**Directions for this task**. Check each line of the records below for the word "infinity" and copy those where it appears.

**Supplied entries**.
(* Let $n\ge2$, let $\psi:\mathbb R\to(0,\infty)$ be continuous and even with $\int_{\mathbb R}\psi=+\infty$, $\Psi(x)=\int_0^x\psi$, $J=\psi\circ\Psi^{-1}$ convex, let $\rho:\mathbb R^{n-1}\to(0,\infty)$ be continuous and $d\mu=\psi(x_1)\rho(x')\,dx$. If $M,N\subset\mathbb R^n$ are open sets with $M\subset N$, then $$\operatorname{dist}\{M;\partial N\}\le\operatorname{dist}\{M^*;\partial N^*\},$$ where $^*$ denotes Steiner $\mu$-symmetrization.
   Context: For $A\subset\mathbb R$ open, $A^*=(-c,c)$ with $\int_{-c}^c\psi=\int_A\psi$ if this is finite, $A^*=\mathbb R$ otherwise; for $M\subset\mathbb R^n$, $M^*=\{(x_1,x'):x_1\in(M(x'))^*\}$ where $M(x')=\{x_1:(x_1,x')\in M\}$ (defined pointwise for open sets, so $M^*$ is open). *)

theory Defs
  imports "HOL-Analysis.Analysis"
begin

definition sym1 :: "(real \<Rightarrow> real) \<Rightarrow> real set \<Rightarrow> real set" where
  "sym1 \<psi> A =
     (if (\<integral>\<^sup>+ x\<in>A. ennreal (\<psi> x) \<partial>lborel) = \<infinity> then UNIV
      else (let c = (THE c. c \<ge> 0 \<and>
                   (\<integral>\<^sup>+ x\<in>{-c<..<c}. ennreal (\<psi> x) \<partial>lborel) = (\<integral>\<^sup>+ x\<in>A. ennreal (\<psi> x) \<partial>lborel))
            in {-c<..<c}))"

text \<open>Steiner symmetrization in the first coordinate of R^n = R x R^(n-1).\<close>
definition steiner_sym :: "(real \<Rightarrow> real) \<Rightarrow> (real \<times> 'a) set \<Rightarrow> (real \<times> 'a) set" where
  "steiner_sym \<psi> M = {(x1, x'). x1 \<in> sym1 \<psi> {t. (t, x') \<in> M}}"

text \<open>Distance between two sets, with value +infinity if one of them is empty.\<close>
definition set_dist_ext :: "'a::metric_space set \<Rightarrow> 'a set \<Rightarrow> ereal" where
  "set_dist_ext A B = (INF x\<in>A. INF y\<in>B. ereal (dist x y))"

end

theory Submission
  imports Defs
begin

text \<open>
  If every ball of radius \<open>d\<close> centred in \<open>M\<close> lies in \<open>N\<close>, the same holds for \<open>M\<^sup>*\<close> and \<open>N\<^sup>*\<close>.
  Two points at horizontal distance \<open>h < d\<close> see each other along the \<open>x\<^sub>1\<close>-axis within
  \<open>r = \<surd>(d\<^sup>2 - h\<^sup>2)\<close>, so the \<open>r\<close>-thickening of a slice of \<open>M\<close> lies in a slice of \<open>N\<close>, and the claim
  reduces to a one-dimensional isoperimetric statement: if \<open>A\<close> has \<open>\<psi>\<close>-measure \<open>2\<Psi>(c)\<close>, its
  \<open>r\<close>-thickening has measure at least \<open>2\<Psi>(c + r)\<close>. For \<open>A \<subseteq> [a,b]\<close> the thickening gains the
  end intervals \<open>(a - r, a)\<close> and \<open>(b, b + r)\<close>; convexity of \<open>J = \<psi> \<circ> \<Psi>\<^sup>-\<^sup>1\<close> makes
  \<open>s \<mapsto> \<Psi>\<^sup>-\<^sup>1((\<Psi>(b + s) - \<Psi>(a - s))/2) - s\<close> nondecreasing and, with evenness, \<open>\<psi>\<close> nondecreasing
  on \<open>[0,\<infinity>)\<close>, which together bound this gain by \<open>2(\<Psi>(c + r) - \<Psi>(c))\<close>.
\<close>

lemma emeasure_Int_Icc_exceeds:
  fixes M :: "real measure"
  assumes sets_M: "sets M = sets borel" and A: "A \<in> sets borel" and less: "v < emeasure M A"
  shows "\<exists>n::nat. v < emeasure M (A \<inter> {-real n..real n})"
proof -
  have "(\<Union>n::nat. A \<inter> {-real n..real n}) = A"
  proof (intro antisym subsetI)
    fix x assume "x \<in> A"
    moreover obtain n :: nat where "\<bar>x\<bar> \<le> real n" using real_arch_simple by blast
    ultimately show "x \<in> (\<Union>n::nat. A \<inter> {-real n..real n})"
      by (auto simp: abs_le_iff intro!: exI[of _ n])
  qed auto
  then have "(SUP n::nat. emeasure M (A \<inter> {-real n..real n})) = emeasure M A"
    using A sets_M by (subst SUP_emeasure_incseq) (auto intro!: incseq_SucI)
  with less have "v < (SUP n::nat. emeasure M (A \<inter> {-real n..real n}))" by simp
  then show ?thesis by (auto simp: less_SUP_iff)
qed

lemma thickening_contains_end_intervals:
  fixes A B :: "real set"
  assumes ne: "A \<noteq> {}" and bdd: "bdd_below A" "bdd_above A"
    and thick: "\<And>t s. t \<in> A \<Longrightarrow> \<bar>s - t\<bar> < r \<Longrightarrow> s \<in> B"
  shows "{Inf A - r<..<Inf A} \<subseteq> B" and "{Sup A<..<Sup A + r} \<subseteq> B"
proof
  fix s assume s: "s \<in> {Inf A - r<..<Inf A}"
  then have "Inf A < s + r" by simp
  then obtain t where "t \<in> A" "t < s + r" using cInf_less_iff[OF ne bdd(1)] by blast
  with s show "s \<in> B" using thick cInf_lower[OF _ bdd(1)] by fastforce
next
  show "{Sup A<..<Sup A + r} \<subseteq> B"
  proof
    fix s assume s: "s \<in> {Sup A<..<Sup A + r}"
    then have "s - r < Sup A" by simp
    then obtain t where "t \<in> A" "s - r < t" using less_cSup_iff[OF ne bdd(2)] by blast
    with s show "s \<in> B" using thick cSup_upper[OF _ bdd(2)] by fastforce
  qed
qed

lemma ball_subset_if_less_set_dist_frontier:
  fixes M N :: "'b::real_normed_vector set"
  assumes "M \<subseteq> N" and d: "ereal d < set_dist_ext M (frontier N)" and m: "m \<in> M"
  shows "ball m d \<subseteq> N"
proof
  fix y assume y: "y \<in> ball m d"
  show "y \<in> N"
  proof (rule ccontr)
    assume "y \<notin> N"
    then have "closed_segment m y \<inter> frontier N \<noteq> {}"
      using m \<open>M \<subseteq> N\<close> by (intro connected_Int_frontier) auto
    then obtain z where z: "z \<in> closed_segment m y" "z \<in> frontier N" by blast
    have "set_dist_ext M (frontier N) \<le> ereal (dist m z)"
      unfolding set_dist_ext_def by (rule INF_lower2[OF m], rule INF_lower[OF z(2)])
    with d have "ereal d < ereal (dist m z)" by (rule order_less_le_trans)
    moreover have "dist m z \<le> dist m y"
      using segment_bound1[OF z(1)] by (simp add: dist_norm norm_minus_commute)
    ultimately show False using y by simp
  qed
qed

lemma set_dist_ext_frontier_ge:
  fixes M N :: "'b::metric_space set"
  assumes balls: "\<And>d p. ereal d < L \<Longrightarrow> p \<in> M \<Longrightarrow> ball p d \<subseteq> N"
  shows "L \<le> set_dist_ext M (frontier N)"
  unfolding set_dist_ext_def
proof (intro INF_greatest)
  fix p q assume p: "p \<in> M" and q: "q \<in> frontier N"
  show "L \<le> ereal (dist p q)"
  proof (rule ccontr)
    assume "\<not> L \<le> ereal (dist p q)"
    then have "ereal (dist p q) < L" by simp
    then obtain d where "ereal (dist p q) < ereal d" "ereal d < L"
      using ereal_dense2 by blast
    then have d: "dist p q < d" "ereal d < L" by simp_all
    then have "ball p d \<subseteq> interior N" using balls[OF d(2) p] by (simp add: interior_maximal)
    with d(1) q show False by (auto simp: frontier_def)
  qed
qed

lemma open_slice:
  fixes M :: "(real \<times> 'b::topological_space) set"
  assumes "open M" shows "open {t. (t, x') \<in> M}"
  using continuous_open_vimage[OF assms, of "\<lambda>t. (t, x')"] by (simp add: vimage_def)

locale symmetrization_weight =
  fixes \<psi> :: "real \<Rightarrow> real"
  assumes psi_cont: "continuous_on UNIV \<psi>" and psi_pos: "\<And>x. \<psi> x > 0"
    and psi_even: "\<And>x. \<psi> (- x) = \<psi> x"
    and convex_psi_inv_integral: "convex_on UNIV (\<psi> \<circ> inv (\<lambda>x. LBINT t=0..x. \<psi> t))"
begin

definition Psi :: "real \<Rightarrow> real" where "Psi x = (LBINT t=0..x. \<psi> t)"
definition J :: "real \<Rightarrow> real" where "J = \<psi> \<circ> inv Psi"

lemma J_convex: "convex_on UNIV J"
proof -
  have "(\<lambda>x. LBINT t=0..x. \<psi> t) = Psi" by (simp add: Psi_def fun_eq_iff)
  then show ?thesis using convex_psi_inv_integral by (simp add: J_def)
qed

lemma Psi_has_derivative: "(Psi has_real_derivative \<psi> x) (at x)"
proof -
  have "(Psi has_vector_derivative \<psi> x) (at x within {-\<bar>x\<bar>-1..\<bar>x\<bar>+1})"
    unfolding Psi_def[abs_def] zero_ereal_def
    by (rule interval_integral_FTC2) (auto intro: continuous_on_subset[OF psi_cont])
  moreover have "at x within {-\<bar>x\<bar>-1..\<bar>x\<bar>+1} = at x" by (rule at_within_Icc_at) auto
  ultimately show ?thesis by (simp add: has_real_derivative_iff_has_vector_derivative)
qed

lemma Psi_add_has_derivative: "((\<lambda>s. Psi (a + s)) has_real_derivative \<psi> (a + s)) (at s)"
  using DERIV_chain2[OF Psi_has_derivative DERIV_add[OF DERIV_const DERIV_ident]] by simp

lemma Psi_diff_has_derivative: "((\<lambda>s. Psi (a - s)) has_real_derivative - \<psi> (a - s)) (at s)"
  using DERIV_chain2[OF Psi_has_derivative DERIV_diff[OF DERIV_const DERIV_ident]] by simp

lemma Psi_0 [simp]: "Psi 0 = 0" by (simp add: Psi_def zero_ereal_def)

lemma continuous_on_Psi: "continuous_on S Psi"
  using Psi_has_derivative by (meson DERIV_isCont continuous_at_imp_continuous_on)

lemma Psi_less_iff [simp]: "Psi x < Psi y \<longleftrightarrow> x < y"
proof -
  have "Psi x < Psi y" if "x < y" for x y
    using that by (rule DERIV_pos_imp_increasing) (use Psi_has_derivative psi_pos in blast)
  then show ?thesis by (metis not_less_iff_gr_or_eq)
qed

lemma Psi_le_iff [simp]: "Psi x \<le> Psi y \<longleftrightarrow> x \<le> y"
  by (meson Psi_less_iff not_le)

lemma Psi_eq_iff [simp]: "Psi x = Psi y \<longleftrightarrow> x = y"
  by (metis Psi_le_iff order_antisym order_refl)

lemma Psi_nonneg: "0 \<le> c \<Longrightarrow> 0 \<le> Psi c"
  using Psi_le_iff[of 0 c] by simp

lemma Psi_minus: "Psi (- x) = - Psi x"
proof -
  have "((\<lambda>x. Psi x + Psi (-x)) has_real_derivative 0) (at y)" for y
    using DERIV_add[OF Psi_has_derivative Psi_diff_has_derivative[of 0 y]]
    by (simp add: psi_even)
  from DERIV_isconst_all[OF allI[OF this], of x 0] show ?thesis by simp
qed
(* Let $m_1,m_2,m_3>0$ and let $q_1,q_2,q_3$ be a choreographic solution of $$\ddot q_k=\sum_{j=1,\,j\neq k}^{3} m_j (q_j-q_k)\, f\!\left(\|q_j-q_k\|^2\right),\qquad k\in\{1,2,3\},$$ where $f:\mathbb{R}_{>0}\to\mathbb{R}_{>0}$ is positive and $\sqrt{x}\,f(x)$ is decreasing. If the curve along which the masses move has an axis of symmetry, then $m_1=m_2=m_3$.
   Context: A choreographic solution is one for which there exist a twice continuously differentiable periodic function $p$ and constants $h_1,h_2,h_3$ with $q_k(t)=p(t+h_k)$. The axis of symmetry hypothesis is understood, as in the paper, as: the curve lies in the plane and (after choice of coordinates and time origin) $p(-t)=\begin{pmatrix}1&0\\0&-1\end{pmatrix}p(t)$ for all $t$. The center of mass is assumed at the origin: $\sum_k m_k q_k=0$. *)

theory Defs
  imports "HOL-Analysis.Analysis"
begin

definition refl_axis :: "real^2 \<Rightarrow> real^2" where
  "refl_axis x = (\<chi> i. if i = 1 then x $ 1 else - (x $ i))"

definition C2_periodic :: "(real \<Rightarrow> real^2) \<Rightarrow> bool" where
  "C2_periodic p \<longleftrightarrow>
     (\<exists>p' p'' T. T > 0 \<and> (\<forall>t. p (t + T) = p t) \<and>
        (\<forall>t. (p has_vector_derivative p' t) (at t)) \<and>
        (\<forall>t. (p' has_vector_derivative p'' t) (at t)) \<and>
        continuous_on UNIV p'')"

text \<open>The curve traced by p has an axis of symmetry: after a choice of
  (Euclidean) coordinates, i.e. an isometry g of the plane, and of the time origin s,
  the curve P(t) = g(p(t+s)) satisfies P(-t) = diag(1,-1) P(t).\<close>
definition axis_symmetric :: "(real \<Rightarrow> real^2) \<Rightarrow> bool" where
  "axis_symmetric p \<longleftrightarrow>
     (\<exists>g :: real^2 \<Rightarrow> real^2. \<exists>s. (\<forall>x y. dist (g x) (g y) = dist x y) \<and>
        (\<forall>t. g (p (- t + s)) = refl_axis (g (p (t + s)))))"

definition choreographic :: "(nat \<Rightarrow> real \<Rightarrow> real^2) \<Rightarrow> (real \<Rightarrow> real^2) \<Rightarrow> bool" where
  "choreographic q p \<longleftrightarrow> C2_periodic p \<and>
     (\<exists>h :: nat \<Rightarrow> real. \<forall>k\<in>{1,2,3}. \<forall>t. q k t = p (t + h k))"

end

theory Submission
  imports Defs "HOL-Library.Periodic_Fun"
begin

(* Reflecting in the axis and reversing time turns the choreography into the same choreography
   with opposite phases.  Hence, at every instant, the centre of mass relation and Newton's
   equation can each be read off from every body in two ways, and subtracting two readings gives,
   for each triangle of chords u, v, w, a relation mu (u - w) = kappa v holding both for the chords
   and for the forces F(|x|^2) x, with kappa a difference of masses.  Since r F(r^2) decreases,
   this forces |u| = |v| = |w| or u, w antiparallel with |u|, |v|, |w| distinct.  If the masses
   are pairwise distinct, going around the six chords forces all of them to have equal length:
   the triangle is equilateral at all times, and then comparing the distance from the centre of
   mass seen from two bodies gives equal masses.  If exactly two masses agree, the instants at
   which three suitable chords have equal length and those at which two of them are collinear
   split the real line into two disjoint closed sets, the first of them nonempty, and the same
   conclusion follows. *)

lemma linear_refl_axis: "linear refl_axis"
  by (intro linearI) (simp_all add: refl_axis_def vec_eq_iff)
lemma nn_integral_Delta_series_term:
  fixes a p q r :: real
  assumes "a > 0" "p > 0" "q > 0" "r > 0"
  shows "(\<integral>\<^sup>+x\<in>Delta. ennreal (pochhammer r n / fact n * Delta_monomial (a + n) p q x) \<partial>lborel)
    = ennreal (Beta (a + p) q / a * hyp3F2_coeff a r (a + p) (1 + a) (a + p + q) n)"
proof -
  define C where "C = pochhammer r n / fact n"
  have "C \<ge> 0"
    using assms by (simp add: C_def pochhammer_nonneg)
  then have "(\<integral>\<^sup>+x\<in>Delta. ennreal (C * Delta_monomial (a + n) p q x) \<partial>lborel)
      = ennreal C * (\<integral>\<^sup>+x\<in>Delta. ennreal (Delta_monomial (a + n) p q x) \<partial>lborel)"
    by (subst nn_integral_cmult[symmetric]) (auto simp: ennreal_mult Delta_monomial_nonneg mult.assoc)
  also have "\<dots> = ennreal C * ennreal (Beta (a + n + p) q / (a + n))"
    using nn_integral_Delta_monomial[of "a + n" p q] assms by simp
  also have "\<dots> = ennreal (C * (Beta (a + n + p) q / (a + n)))"
    using \<open>C \<ge> 0\<close> by (rule ennreal_mult'[symmetric])
  finally show ?thesis
    using Beta_plus_of_nat_divide[OF assms(1-3)] by (simp add: C_def)
qed

lemma nn_integral_Delta_integrand_eq_suminf:
  fixes a b p q :: real
  assumes "a > 0" "p > 0" "q > 0" "b < 1"
  shows "(\<integral>\<^sup>+x\<in>Delta. ennreal (Delta_integrand a b p q x) \<partial>lborel)
    = (\<Sum>n. ennreal (Beta (a + p) q / a * hyp3F2_coeff a (1 - b) (a + p) (1 + a) (a + p + q) n))"
proof -
  define t where "t n x = pochhammer (1 - b) n / fact n * Delta_monomial (a + n) p q x" for n x
  have t_nonneg: "t n x \<ge> 0" for n x
    using assms by (simp add: t_def pochhammer_nonneg Delta_monomial_nonneg)
  have pointwise: "ennreal (Delta_integrand a b p q x) * indicator Delta x
      = (\<Sum>n. ennreal (t n x) * indicator Delta x)" for x
  proof (cases "x \<in> Delta")
    case True
    then have sums: "(\<lambda>n. t n x) sums Delta_integrand a b p q x"
      using Delta_integrand_sums[where u = "fst x" and v = "snd x"] by (simp add: t_def)
    have "ennreal (Delta_integrand a b p q x) = (\<Sum>n. ennreal (t n x))"
      using t_nonneg sums_summable[OF sums] by (simp add: sums_unique[OF sums] suminf_ennreal2)
    with True show ?thesis
      by simp
  qed simp
  have "(\<integral>\<^sup>+x\<in>Delta. ennreal (Delta_integrand a b p q x) \<partial>lborel)
      = (\<integral>\<^sup>+x. (\<Sum>n. ennreal (t n x) * indicator Delta x) \<partial>lborel)"
    by (rule nn_integral_cong) (rule pointwise)
  also have "\<dots> = (\<Sum>n. \<integral>\<^sup>+x\<in>Delta. ennreal (t n x) \<partial>lborel)"
    by (rule nn_integral_suminf) (simp add: t_def)
  also have "\<dots> = (\<Sum>n. ennreal (Beta (a + p) q / a * hyp3F2_coeff a (1 - b) (a + p) (1 + a) (a + p + q) n))"
    unfolding t_def using assms by (intro suminf_cong nn_integral_Delta_series_term) auto
  finally show ?thesis .
qed
lemma sum_Pow_eq_imp_eq:
  fixes f g :: "'a set \<Rightarrow> 'b::ab_group_add"
  assumes "\<And>S. finite S \<Longrightarrow> (\<Sum>T\<in>Pow S. f T) = (\<Sum>T\<in>Pow S. g T)"
  shows "finite S \<Longrightarrow> f S = g S"
proof (induction S rule: finite_psubset_induct)
  case (psubset S)
  have "(\<Sum>T\<in>Pow S - {S}. f T) = (\<Sum>T\<in>Pow S - {S}. g T)"
    by (rule sum.cong) (auto intro: psubset.IH)
  with assms[OF psubset.hyps] show ?case
    using psubset.hyps by (simp add: sum.remove[of "Pow S" S])
qed

lemma adj_lt_nverts:
  assumes "simple_graph F" "adj F u v"
  shows "u < nverts F" "v < nverts F"
  using assms by (auto simp: simple_graph_def adj_def)

lemma simple_graph_finite_edges:
  assumes "simple_graph F"
  shows "finite (edges F)"
proof (rule finite_subset)
  show "edges F \<subseteq> {..<nverts F} \<times> {..<nverts F}"
    using assms by (auto simp: simple_graph_def)
qed simp

lemma edges_nonempty:
  assumes "simple_graph F" "no_isolated F"
  shows "edges F \<noteq> {}"
  using assms by (fastforce simp: simple_graph_def no_isolated_def adj_def)

lemma adj_iff_min_max:
  assumes "simple_graph F"
  shows "adj F u v \<longleftrightarrow> (min u v, max u v) \<in> edges F"
  using assms by (auto simp: simple_graph_def adj_def min_def max_def)

definition edge_image :: "graph \<Rightarrow> (nat \<Rightarrow> nat) \<Rightarrow> (nat \<times> nat) set" where
  "edge_image F \<phi> = (\<lambda>(i, j). (min (\<phi> i) (\<phi> j), max (\<phi> i) (\<phi> j))) ` edges F"

definition edge_image_count :: "graph \<Rightarrow> nat \<Rightarrow> (nat \<times> nat) set \<Rightarrow> nat" where
  "edge_image_count F n T = card {\<phi> \<in> {..<nverts F} \<rightarrow>\<^sub>E {..<n}. edge_image F \<phi> = T}"

lemma adj_iff_edge_image:
  assumes "simple_graph F" "edge_image G \<phi> = edges F"
  shows "adj F u v \<longleftrightarrow> (\<exists>i j. adj G i j \<and> u = \<phi> i \<and> v = \<phi> j)"
proof
  assume "adj F u v"
  then have "(min u v, max u v) \<in> edge_image G \<phi>"
    using assms by (simp add: adj_iff_min_max)
  then obtain i j where ij: "(i, j) \<in> edges G"
    and "(min u v, max u v) = (min (\<phi> i) (\<phi> j), max (\<phi> i) (\<phi> j))"
    by (auto simp: edge_image_def)
  then have "(u = \<phi> i \<and> v = \<phi> j) \<or> (u = \<phi> j \<and> v = \<phi> i)"
    by (simp only: min_max_pair_eq_iff)
  moreover have "adj G i j" "adj G j i"
    using ij by (auto simp: adj_def)
  ultimately show "\<exists>i j. adj G i j \<and> u = \<phi> i \<and> v = \<phi> j"
    by blast
next
  assume "\<exists>i j. adj G i j \<and> u = \<phi> i \<and> v = \<phi> j"
  then obtain i j where "(i, j) \<in> edges G \<or> (j, i) \<in> edges G" "u = \<phi> i" "v = \<phi> j"
    by (auto simp: adj_def)
  then have "(min u v, max u v) \<in> edge_image G \<phi>"
    by (force simp: edge_image_def min.commute max.commute)
  then show "adj F u v"
    using assms by (simp add: adj_iff_min_max)
qed
text \<open>The same integral after the reflection t = 1 - u.\<close>
lemma nn_integral_neg_ln_one_minus_power_div:
  assumes "n \<ge> 1"
  shows "(\<integral>\<^sup>+t. ennreal ((-ln (1-t))^n / t) * indicator {0<..<1} t \<partial>lborel)
           = ennreal (fact n * zeta (n+1))"
proof -
  have "(\<integral>\<^sup>+t. ennreal ((-ln (1-t))^n / t) * indicator {0<..<1} t \<partial>lborel)
     = ennreal \<bar>-1::real\<bar> * (\<integral>\<^sup>+x. ennreal ((-ln (1-(1 + (-1)*x)))^n / (1 + (-1)*x))
                                     * indicator {0<..<1} (1 + (-1)*x) \<partial>lborel)"
    by (rule nn_integral_real_affine[where c = "-1" and t = 1]) auto
  also have "\<dots> = (\<integral>\<^sup>+u. ennreal ((-ln u)^n / (1-u)) * indicator {0<..<1} u \<partial>lborel)"
    by (auto intro!: nn_integral_cong simp: indicator_def)
  finally show ?thesis using nn_integral_neg_ln_power_div_one_minus[OF assms] by simp
qed

section \<open>Integrands depending on one distinguished coordinate\<close>

text \<open>Tonelli for a "star" integrand c(x_a) \<prod>_{j\<in>I} h(x_a, x_j): once x_a = t is
  fixed, the other coordinates are independent and each contributes \<integral> h(t,y) dy.\<close>
lemma nn_integral_star_product:
  fixes a :: 'i and I :: "'i set"
    and c :: "real \<Rightarrow> ennreal" and h :: "real \<Rightarrow> real \<Rightarrow> ennreal"
  assumes I: "finite I" "a \<notin> I"
    and c_meas[measurable]: "c \<in> borel_measurable borel"
    and h_meas[measurable]: "case_prod h \<in> borel_measurable (borel \<Otimes>\<^sub>M borel)"
  shows "(\<integral>\<^sup>+x. c (x a) * (\<Prod>j\<in>I. h (x a) (x j)) \<partial>(\<Pi>\<^sub>M i\<in>insert a I. lborel))
           = (\<integral>\<^sup>+t. c t * (\<integral>\<^sup>+y. h t y \<partial>lborel) ^ card I \<partial>lborel)"
proof -
  interpret product_sigma_finite "\<lambda>_. lborel :: real measure" by standard
  have slice_meas[measurable]: "h t \<in> borel_measurable borel" for t
    using measurable_Pair2[OF h_meas, of t] by simp
  have "(\<lambda>x. c (x a) * (\<Prod>j\<in>I. h (x a) (x j))) \<in> borel_measurable (\<Pi>\<^sub>M i\<in>insert a I. lborel)"
    using I by measurable
  then have "(\<integral>\<^sup>+x. c (x a) * (\<Prod>j\<in>I. h (x a) (x j)) \<partial>(\<Pi>\<^sub>M i\<in>insert a I. lborel))
      = (\<integral>\<^sup>+t. (\<integral>\<^sup>+x. c t * (\<Prod>j\<in>I. h t ((x(a := t)) j)) \<partial>(\<Pi>\<^sub>M i\<in>I. lborel)) \<partial>lborel)"
    by (simp add: product_nn_integral_insert_rev[OF I])
  also have "\<dots> = (\<integral>\<^sup>+t. c t * (\<integral>\<^sup>+x. (\<Prod>j\<in>I. h t (x j)) \<partial>(\<Pi>\<^sub>M i\<in>I. lborel)) \<partial>lborel)"
  proof (intro nn_integral_cong)
    fix t :: real
    have "(\<Prod>j\<in>I. h t ((x(a := t)) j)) = (\<Prod>j\<in>I. h t (x j))" for x :: "'i \<Rightarrow> real"
      using I by (intro prod.cong) auto
    then show "(\<integral>\<^sup>+x. c t * (\<Prod>j\<in>I. h t ((x(a := t)) j)) \<partial>(\<Pi>\<^sub>M i\<in>I. lborel))
        = c t * (\<integral>\<^sup>+x. (\<Prod>j\<in>I. h t (x j)) \<partial>(\<Pi>\<^sub>M i\<in>I. lborel))"
      using I by (simp, intro nn_integral_cmult) measurable
  qed
  also have "\<dots> = (\<integral>\<^sup>+t. c t * (\<integral>\<^sup>+y. h t y \<partial>lborel) ^ card I \<partial>lborel)"
  proof (intro nn_integral_cong)
    fix t :: real
    have "(\<integral>\<^sup>+x. (\<Prod>j\<in>I. h t (x j)) \<partial>(\<Pi>\<^sub>M i\<in>I. lborel)) = (\<Prod>j\<in>I. \<integral>\<^sup>+y. h t y \<partial>lborel)"
      using I by (intro product_nn_integral_prod) auto
    then show "c t * (\<integral>\<^sup>+x. (\<Prod>j\<in>I. h t (x j)) \<partial>(\<Pi>\<^sub>M i\<in>I. lborel))
        = c t * (\<integral>\<^sup>+y. h t y \<partial>lborel) ^ card I"
      by simp
  qed
  finally show ?thesis .
qed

**Finished exercise**.
     (if (\<integral>\<^sup>+ x\<in>A. ennreal (\<psi> x) \<partial>lborel) = \<infinity> then UNIV
text \<open>Distance between two sets, with value +infinity if one of them is empty.\<close>
  on \<open>[0,\<infinity>)\<close>, which together bound this gain by \<open>2(\<Psi>(c + r) - \<Psi>(c))\<close>.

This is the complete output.